The distributed file system consists of the client and the server as primary components. The client is allowed to add a file, and query for a file from the filesystem to begin with. The server consists of 3 components
The client first establishes a TCP connection to the Auth server to obtain a JWT token. Subsequent requests from the client consist of JWT token issued to it, and the rest of the components validate the authenticity of the token along with the bearer and issuer of the token.
The metadata server is the primary server of the backend. It is responsible for receiving the client requests and directing the client to reach out to individual data servers for the file operations. The metadata server runs a discovery endpoint for the other data servers to discover the cluster and publish it's data endpoint. The discovery server upon receiving a JOIN request from a data server, adds it to a KeyRing (implemented as a Binary Search Tree) and forms the cluster. The metadata server is now able to route client requests to the data server.

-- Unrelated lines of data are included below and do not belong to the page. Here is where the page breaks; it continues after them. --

(* For a round $t$, let $\mathrm{var}_{\sup}(t)$ be the supremum of $\mathrm{var}(X_a(t,\mathrm{ALG}))$ over all $n\ge1$, all assignments of densities $\Phi_a\in\mathcal F$ to the $n$ sensors, all synchronous independent meeting patterns of depth at least $t$, and all sensors $a$. Then $\lim_{t\to\infty}\mathrm{var}_{\sup}(t)=0$.
   Context: Model. Fix a finite set $\mathcal F$ of smooth probability densities on $\mathbb R$, each with mean zero and finite positive variance (smooth: positive everywhere, differentiable, with $\int\Phi'^2/\Phi<\infty$). One element $N\in\mathcal F$ is the noise density; $\mathrm{var}(N)$ is its variance. There are $n$ sensors; each sensor $a$ is assigned $\Phi_a\in\mathcal F$. An unknown $\tau^*\in\mathbb R$ is fixed, and the initial opinions $X_a(0)$ are independent, $X_a(0)$ having density $\Phi_a(x-\tau^* )$. Rounds are $t=0,1,2,\dots$. A meeting pattern specifies in advance, for each round $t$ and each sensor $a$, at most one other sensor $b$ that $a$ observes at round $t$. When $a$ observes $b$ at round $t$, $a$ obtains $\tilde d_{ab}(t)=x_b(t)-x_a(t)+\eta$ with $\eta$ of density $N$, independent of everything else. Relevant sets: $R_a(0)=\{a\}$; $R_a(t+1)=R_a(t)\cup R_b(t)$ if $a$ observes $b$ at round $t$, and $R_a(t+1)=R_a(t)$ otherwise. A pattern is independent if whenever $a$ observes $b$ at round $t$, $R_a(t)\cap R_b(t)=\emptyset$. A pattern is synchronous of depth at least $t$ if at every round $s<t$ every sensor observes some other sensor. Algorithm ALG. Each sensor $a$ keeps an opinion $x_a$ and an accuracy $c_a$, with $x_a(0)=X_a(0)$ and $c_a(0)=1/\mathrm{var}(\Phi_a)$. If $a$ observes $b$ at round $t$, let $\hat c_b(t)=c_b(t)/(1+c_b(t)\,\mathrm{var}(N))$ and set $x_a(t+1)=x_a(t)+\tilde d_{ab}(t)\,\hat c_b(t)/(c_a(t)+\hat c_b(t))$ and $c_a(t+1)=c_a(t)+\hat c_b(t)$; otherwise $x_a(t+1)=x_a(t)$, $c_a(t+1)=c_a(t)$. $X_a(t,\mathrm{ALG})$ is the random variable $x_a(t)$. *)

theory Defs
  imports "HOL-Probability.Probability"
begin

definition var_dens :: "(real \<Rightarrow> real) \<Rightarrow> real" where
  "var_dens \<Phi> = (\<integral>x. x\<^sup>2 * \<Phi> x \<partial>lborel)"

definition smooth_density :: "(real \<Rightarrow> real) \<Rightarrow> bool" where
  "smooth_density \<Phi> \<longleftrightarrow>
     (\<forall>x. \<Phi> x > 0) \<and>
     (\<forall>x. \<Phi> differentiable (at x)) \<and>
     (\<integral>\<^sup>+x. ennreal ((deriv \<Phi> x)\<^sup>2 / \<Phi> x) \<partial>lborel) < \<infinity> \<and>
     \<Phi> \<in> borel_measurable lborel \<and>
     (\<integral>\<^sup>+x. ennreal (\<Phi> x) \<partial>lborel) = 1 \<and>
     integrable lborel (\<lambda>x. x * \<Phi> x) \<and> (\<integral>x. x * \<Phi> x \<partial>lborel) = 0 \<and>
     integrable lborel (\<lambda>x. x\<^sup>2 * \<Phi> x) \<and> var_dens \<Phi> > 0"

text \<open>A meeting pattern: \<open>M t a = Some b\<close> iff sensor \<open>a\<close> observes \<open>b\<close> at round \<open>t\<close>.
  Sensors are \<open>0..<n\<close>.\<close>
type_synonym pattern = "nat \<Rightarrow> nat \<Rightarrow> nat option"

definition valid_pattern :: "nat \<Rightarrow> pattern \<Rightarrow> bool" where
  "valid_pattern n M \<longleftrightarrow> (\<forall>t a b. a < n \<longrightarrow> M t a = Some b \<longrightarrow> b < n \<and> b \<noteq> a)"

fun relevant :: "pattern \<Rightarrow> nat \<Rightarrow> nat \<Rightarrow> nat set" where
  "relevant M 0 a = {a}"
| "relevant M (Suc t) a =
     (case M t a of None \<Rightarrow> relevant M t a | Some b \<Rightarrow> relevant M t a \<union> relevant M t b)"

definition independent_pattern :: "nat \<Rightarrow> pattern \<Rightarrow> bool" where
  "independent_pattern n M \<longleftrightarrow>
     (\<forall>t a b. a < n \<longrightarrow> M t a = Some b \<longrightarrow> relevant M t a \<inter> relevant M t b = {})"

definition synchronous_depth :: "nat \<Rightarrow> pattern \<Rightarrow> nat \<Rightarrow> bool" where
  "synchronous_depth n M t \<longleftrightarrow> (\<forall>s<t. \<forall>a<n. M s a \<noteq> None)"

definition chat :: "real \<Rightarrow> real \<Rightarrow> real" where
  "chat vN c = c / (1 + c * vN)"

fun acc :: "real \<Rightarrow> (nat \<Rightarrow> real \<Rightarrow> real) \<Rightarrow> pattern \<Rightarrow> nat \<Rightarrow> nat \<Rightarrow> real" where
  "acc vN Phis M 0 a = 1 / var_dens (Phis a)"
| "acc vN Phis M (Suc t) a =
     (case M t a of None \<Rightarrow> acc vN Phis M t a
      | Some b \<Rightarrow> acc vN Phis M t a + chat vN (acc vN Phis M t b))"
(* For every $n\ge2$, the first discriminant-resultant vanishes identically: $DR_{n,1}(f,g)=0$ as a polynomial in the coefficients of a binary form $f$ of degree $n$ and a binary form $g$ of degree $n-2$.
   Context: Let $k$ be a field of characteristic zero. For pairs $\sigma=(\sigma_0,\sigma_1)$, $\tau=(\tau_0,\tau_1)$, the bracket is $[\sigma,\tau]:=\sigma_0\tau_1-\tau_0\sigma_1$. Resultant convention: if $f=\prod_{i=1}^d(\gamma_{i,0}x-\gamma_{i,1}y)$ and $g=\prod_{j=1}^e(\delta_{j,0}x-\delta_{j,1}y)$, then $\mathrm{res}(f,g)=\prod_{i,j}[\gamma_i,\delta_j]$, a polynomial in the coefficients of $f,g$. Discriminant-resultants: for $n\ge2$, write $f(x,y)=\sum_{i=0}^n a_ix^iy^{n-i}$ of degree $n$ and let $g$ have degree $n-2$; the polynomials $DR_{n,r}(f,g)$, $0\le r\le n$, are defined by $$\sum_{r=0}^n DR_{n,r}(f,g)\,t^r=\mathrm{res}\big(f,\,x\partial_xf+t\,xy\,g\big)/(a_0a_n),$$ with $t$ an indeterminate and the division exact. *)

theory Defs
  imports "Subresultants.Resultant_Prelim"
begin

text \<open>A binary form of degree d, sum over i of c i * x^i * y^(d-i), is encoded by its
  degree d and its coefficient function c (only c 0, ..., c d matter).
  Its dehomogenisation (y := 1) is the univariate polynomial below.\<close>

definition form_dehom :: "nat \<Rightarrow> (nat \<Rightarrow> 'a::comm_ring_1) \<Rightarrow> 'a poly" where
  "form_dehom d c = (\<Sum>i\<le>d. monom (c i) i)"

text \<open>Resultant of binary forms of (formal) degrees d and e with the paper's
  convention res(f,g) = prod_{i,j} [gamma_i, delta_j]; this equals
  (-1)^(d*e) times the Sylvester determinant taken with the formal degrees.\<close>

definition res_form :: "nat \<Rightarrow> (nat \<Rightarrow> 'a::comm_ring_1) \<Rightarrow> nat \<Rightarrow> (nat \<Rightarrow> 'a) \<Rightarrow> 'a" where
  "res_form d c e c' =
     (-1)^(d*e) * det (sylvester_mat_sub d e (form_dehom d c) (form_dehom e c'))"

text \<open>For f = sum a_i x^i y^(n-i) (degree n) and g = sum b_j x^j y^(n-2-j) (degree n-2),
  the coefficient of x^i y^(n-i) in x*d_x f + t*x*y*g, as a polynomial in t.\<close>

definition DR_aux_coeff :: "nat \<Rightarrow> (nat \<Rightarrow> 'a::comm_ring_1) \<Rightarrow> (nat \<Rightarrow> 'a) \<Rightarrow> nat \<Rightarrow> 'a poly" where
  "DR_aux_coeff n a b i =
     [: of_nat i * a i, (if 1 \<le> i \<and> i - 1 \<le> n - 2 then b (i - 1) else 0) :]"

text \<open>res(f, x d_x f + t x y g) as a polynomial in t.\<close>

definition DR_numer :: "nat \<Rightarrow> (nat \<Rightarrow> 'a::comm_ring_1) \<Rightarrow> (nat \<Rightarrow> 'a) \<Rightarrow> 'a poly" where
  "DR_numer n a b = res_form n (\<lambda>i. [: a i :]) n (DR_aux_coeff n a b)"

text \<open>Discriminant-resultant DR_{n,r}(f,g), evaluated at concrete coefficients
  (meaningful where a_0 a_n is nonzero).\<close>

definition DR :: "nat \<Rightarrow> nat \<Rightarrow> (nat \<Rightarrow> 'a::field) \<Rightarrow> (nat \<Rightarrow> 'a) \<Rightarrow> 'a" where
  "DR n r a b = coeff (DR_numer n a b) r / (a 0 * a n)"

end

theory Submission
  imports Defs "Subresultants.Subresultant" "HOL-Algebra.Algebraic_Closure_Type"
begin

text \<open>Over an algebraic closure write \<open>f = a\<^sub>n \<Prod>i<n. (x - \<alpha>\<^sub>i)\<close> (dehomogenised at \<open>y = 1\<close>).
  Poisson's formula turns \<open>res(f, x f' + t x g)\<close> into \<open>\<plusminus>a\<^sub>n\<^sup>n \<Prod>i<n. \<alpha>\<^sub>i (f'(\<alpha>\<^sub>i) + t g(\<alpha>\<^sub>i))\<close>,
  so its coefficient of \<open>t\<close> is \<open>\<plusminus>a\<^sub>n\<^sup>n (\<Prod>j. \<alpha>\<^sub>j) \<Sum>i. g(\<alpha>\<^sub>i) \<Prod>j\<noteq>i. f'(\<alpha>\<^sub>j)\<close>.
  If two roots coincide, every product \<open>\<Prod>j\<noteq>i. f'(\<alpha>\<^sub>j)\<close> contains a vanishing factor.
  Otherwise \<open>f'(\<alpha>\<^sub>j) = a\<^sub>n \<Prod>k\<noteq>j. (\<alpha>\<^sub>j - \<alpha>\<^sub>k)\<close>, and the sum is a multiple of
  \<open>\<Sum>i. g(\<alpha>\<^sub>i) / \<Prod>k\<noteq>i. (\<alpha>\<^sub>i - \<alpha>\<^sub>k)\<close>, the coefficient of \<open>x\<^sup>n\<^sup>-\<^sup>1\<close> in the Lagrange
  interpolant of \<open>g\<close> at the roots; this interpolant is \<open>g\<close> itself, of degree \<open>\<le> n - 2\<close>.\<close>

hide_const (open) Polynomials.degree Polynomials.lead_coeff up_ring.coeff

lemma prod_list_map_nth: "prod_list (map h xs) = (\<Prod>i<length xs. h (xs ! i))"
  by (induction xs) (simp_all add: prod.lessThan_Suc_shift del: prod.lessThan_Suc)

lemma alg_closed_factorization_nth:
  fixes p :: "'k::alg_closed_field poly"
  assumes "p \<noteq> 0"
  obtains \<alpha> where "p = smult (lead_coeff p) (\<Prod>i<degree p. [:-\<alpha> i, 1:])"
proof -
  obtain A where A: "size A = degree p" "p = smult (lead_coeff p) (\<Prod>x\<in>#A. [:-x, 1:])"
    using alg_closed_imp_factorization[OF assms] by blast
  obtain xs where xs: "mset xs = A" using ex_mset by blast
  have "(\<Prod>x\<in>#A. [:-x, 1:]) = (\<Prod>i<degree p. [:-(xs ! i), 1:])"
    using A(1) by (simp flip: xs mset_map add: prod_mset_prod_list prod_list_map_nth)
  with A(2) show thesis by (intro that) simp
qed

lemma prod_poly_roots_swap:
  fixes c d :: "'k::comm_ring_1"
  assumes f: "f = smult c (\<Prod>i<m. [:-\<alpha> i, 1:])" and q: "q = smult d (\<Prod>j<k. [:-\<beta> j, 1:])"
  shows "(-1)^(m * k) * d^m * (\<Prod>j<k. poly f (\<beta> j)) = c^k * (\<Prod>i<m. poly q (\<alpha> i))"
proof -
  have "(\<Prod>j<k. \<Prod>i<m. \<beta> j - \<alpha> i) = (\<Prod>j<k. \<Prod>i<m. -1 * (\<alpha> i - \<beta> j))"
    by simp
  also have "\<dots> = (-1)^(m * k) * (\<Prod>j<k. \<Prod>i<m. \<alpha> i - \<beta> j)"
    by (simp only: prod.distrib prod_constant card_lessThan power_mult)
  finally have "(-1)^(m * k) * (\<Prod>j<k. \<Prod>i<m. \<beta> j - \<alpha> i) = (\<Prod>j<k. \<Prod>i<m. \<alpha> i - \<beta> j)"
    by (simp flip: power_add mult_2)
  then show ?thesis
    unfolding f q by (simp add: poly_prod prod.distrib prod.swap[of _ "{..<k}"] algebra_simps)
qed

lemma resultant_eq_mod:
  fixes f q :: "'k::field poly"
  assumes deg: "degree q \<le> degree f" and q: "0 < degree q"
  shows "resultant f q
    = (-1)^(degree f * degree q) * lead_coeff q ^ (degree f - degree (f mod q)) * resultant q (f mod q)"
proof -
  define H where "H = f mod q"
  have FGH: "f + (- (f div q)) * q = H"
    unfolding H_def by (simp flip: minus_div_mult_eq_mod)
  have "q \<noteq> 0" using q by auto
  then have dH: "degree H < degree q"
    using q degree_mod_less[of q f] unfolding H_def by (cases "f mod q = 0") auto
  then have choice: "degree q > degree H \<or> H = 0 \<and> f \<noteq> 0 \<and> q \<noteq> 0" by simp
  show ?thesis
  proof (cases "degree H = 0")
    case True
    then obtain c where H: "H = [:c:]" by (metis degree_eq_zeroE)
    from BT_lemma_1_13[OF FGH deg choice] dH
    have "subresultant 0 f q
        = smult ((-1)^(degree f * degree q) * lead_coeff q ^ degree f * c ^ (degree q - 1)) H"
      by (simp add: H)
    then have "resultant f q = (-1)^(degree f * degree q) * lead_coeff q ^ degree f * c ^ degree q"
      using q by (simp add: subresultant_resultant H power_eq_if)
    then show ?thesis by (simp flip: H_def add: H)
  next
    case False
    from BT_lemma_1_12[OF FGH deg choice, of 0] False
    have "subresultant 0 f q
        = smult ((-1)^(degree f * degree q) * lead_coeff q ^ (degree f - degree H)) (subresultant 0 q H)"
      by simp
    then show ?thesis by (simp add: subresultant_resultant H_def)
  qed
qed

lemma resultant_eq_prod_poly_roots:
  fixes f q :: "'k::alg_closed_field poly"
  assumes "degree q \<le> degree f" and "f = smult (lead_coeff f) (\<Prod>i<degree f. [:-\<alpha> i, 1:])"
  shows "resultant f q = lead_coeff f ^ degree q * (\<Prod>i<degree f. poly q (\<alpha> i))"
  using assms
proof (induction "degree q" arbitrary: f q \<alpha> rule: less_induct)
  case less
  show ?case
  proof (cases "degree q = 0")
    case True
    then obtain d where "q = [:d:]" by (metis degree_eq_zeroE)
    then show ?thesis by simp
  next
    case False
    then have "q \<noteq> 0" by auto
    then obtain \<beta> where q: "q = smult (lead_coeff q) (\<Prod>j<degree q. [:-\<beta> j, 1:])"
      using alg_closed_factorization_nth by blast
    define H where "H = f mod q"
    have dH: "degree H < degree q"
      using False degree_mod_less[OF \<open>q \<noteq> 0\<close>] unfolding H_def by (cases "f mod q = 0") auto
    have H_eq_f_at_roots: "poly H (\<beta> j) = poly f (\<beta> j)" if "j < degree q" for j
    proof -
      have "poly q (\<beta> j) = 0"
        using that by (subst q) (auto simp: poly_prod)
      moreover have "poly (f div q * q + f mod q) (\<beta> j)
          = poly (f div q) (\<beta> j) * poly q (\<beta> j) + poly (f mod q) (\<beta> j)"
        by (simp only: poly_add poly_mult)
      ultimately show ?thesis unfolding H_def by simp
    qed
    have "resultant f q
        = (-1)^(degree f * degree q) * lead_coeff q ^ (degree f - degree H) * resultant q H"
      using resultant_eq_mod[OF less.prems(1)] False unfolding H_def by simp
    also have "resultant q H = lead_coeff q ^ degree H * (\<Prod>j<degree q. poly f (\<beta> j))"
      using less.hyps[OF dH _ q] dH H_eq_f_at_roots by simp
    also have "(-1)^(degree f * degree q) * lead_coeff q ^ (degree f - degree H) * \<dots>
        = (-1)^(degree f * degree q) * lead_coeff q ^ degree f * (\<Prod>j<degree q. poly f (\<beta> j))"
      using dH less.prems(1) by (simp add: mult.assoc flip: power_add)
    also have "\<dots> = lead_coeff f ^ degree q * (\<Prod>i<degree f. poly q (\<alpha> i))"
      by (rule prod_poly_roots_swap[OF less.prems(2) q])
    finally show ?thesis .
  qed
qed

lemma coeff_prod_linear_factors:
  fixes u v :: "'i \<Rightarrow> 'k::comm_ring_1"
  assumes "finite I"
  shows "coeff (\<Prod>i\<in>I. [:u i, v i:]) 1 = (\<Sum>i\<in>I. v i * (\<Prod>j\<in>I - {i}. u j))"
  using assms
proof (induction I rule: finite_induct)
  case (insert x I)
  have "coeff (\<Prod>i\<in>I. [:u i, v i:]) 0 = (\<Prod>i\<in>I. u i)"
    by (simp flip: poly_0_coeff_0 add: poly_prod)
  moreover have "insert x I - {i} = insert x (I - {i})" if "i \<in> I" for i
    using that insert.hyps(2) by auto
  moreover have "insert x I - {x} = I"
    using insert.hyps(2) by auto
  ultimately show ?case
    using insert by (simp add: coeff_mult numeral_2_eq_2 atMost_Suc sum_distrib_left mult_ac
      cong: sum.cong)
qed simp

lemma sum_mult_prod_remove:
  fixes x y z :: "'i \<Rightarrow> 'k::comm_ring_1"
  assumes "finite I"
  shows "(\<Sum>i\<in>I. x i * y i * (\<Prod>j\<in>I - {i}. x j * z j))
    = (\<Prod>j\<in>I. x j) * (\<Sum>i\<in>I. y i * (\<Prod>j\<in>I - {i}. z j))"
  unfolding sum_distrib_left
proof (rule sum.cong)
  fix i assume "i \<in> I"
  then show "x i * y i * (\<Prod>j\<in>I - {i}. x j * z j) = (\<Prod>j\<in>I. x j) * (y i * (\<Prod>j\<in>I - {i}. z j))"
    using assms by (simp add: prod.distrib prod.remove mult_ac)
qed simp

lemma poly_pderiv_at_root:
  fixes \<alpha> :: "nat \<Rightarrow> 'k::idom"
  assumes f: "f = smult c (\<Prod>j<n. [:-\<alpha> j, 1:])" and i: "i < n"
  shows "poly (pderiv f) (\<alpha> i) = c * (\<Prod>j\<in>{..<n} - {i}. \<alpha> i - \<alpha> j)"
proof -
  define r where "r = smult c (\<Prod>j\<in>{..<n} - {i}. [:-\<alpha> j, 1:])"
  have fr: "f = [:-\<alpha> i, 1:] * r"
    unfolding f r_def using prod.remove[of "{..<n}" i "\<lambda>j. [:-\<alpha> j, 1:]"] i by simp
  have "pderiv [:-\<alpha> i, 1:] = 1"
    by (simp add: pderiv_pCons)
  then have "pderiv f = [:-\<alpha> i, 1:] * pderiv r + r"
    unfolding fr pderiv_mult by simp
  then show ?thesis
    by (simp add: r_def poly_prod)
qed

Each data server sends a heartbeat on a UDP socket to the discovery server to notify that it is alive and healthy. This is part of the discover protocol which enables the nodes to be part of the cluster. Upon a missing heartbeat in two successive intervals, the metadata server evicts the data server from the KeyRing and issues an eviction policy as a failover mechanism. All blocks of data stored on the node are replicated across other nodes to ensure the replication factor
The data server is responsible for storing the files physically on their local filesystem. Each data server is collectively responsible for providing the file namespace for each client that connects to the system. The files are stored in a flat hierarchy identified by a file UUID, which is maintained unique across clients. Fo every block of data (~anywhere between 100KB to 10MB, which also depends on the number of blocks for any given file), there is a primary block node that owns the data. This node is responsible for replicating this block across other nodes using a P2P protocol.
The distributed client is allowed to issue GET and PUT requests to the filesystem. Each authorized client is allowed to issue these requests upon successful authentication with the server. The client first issues a PUT request to the metadata server, which replies back with the locations of blocks for the file. Subsequently, the client parallely issues a PUT request to the data servers to store the copies of each block in their file system. Similarly, for each GET request, the client asks the location of blocks for the file from the metadata server. After this the client is able to independently request the file blocks and assemble itself to receive the file from the respective data servers
Run make
inside the client directory and start the client providing the path to the config file
Run make
inside the file, node and auth directories inside the server path to launch the instances of the authorization, metadata and the data servers. Each will open port/s for the connections to the other components.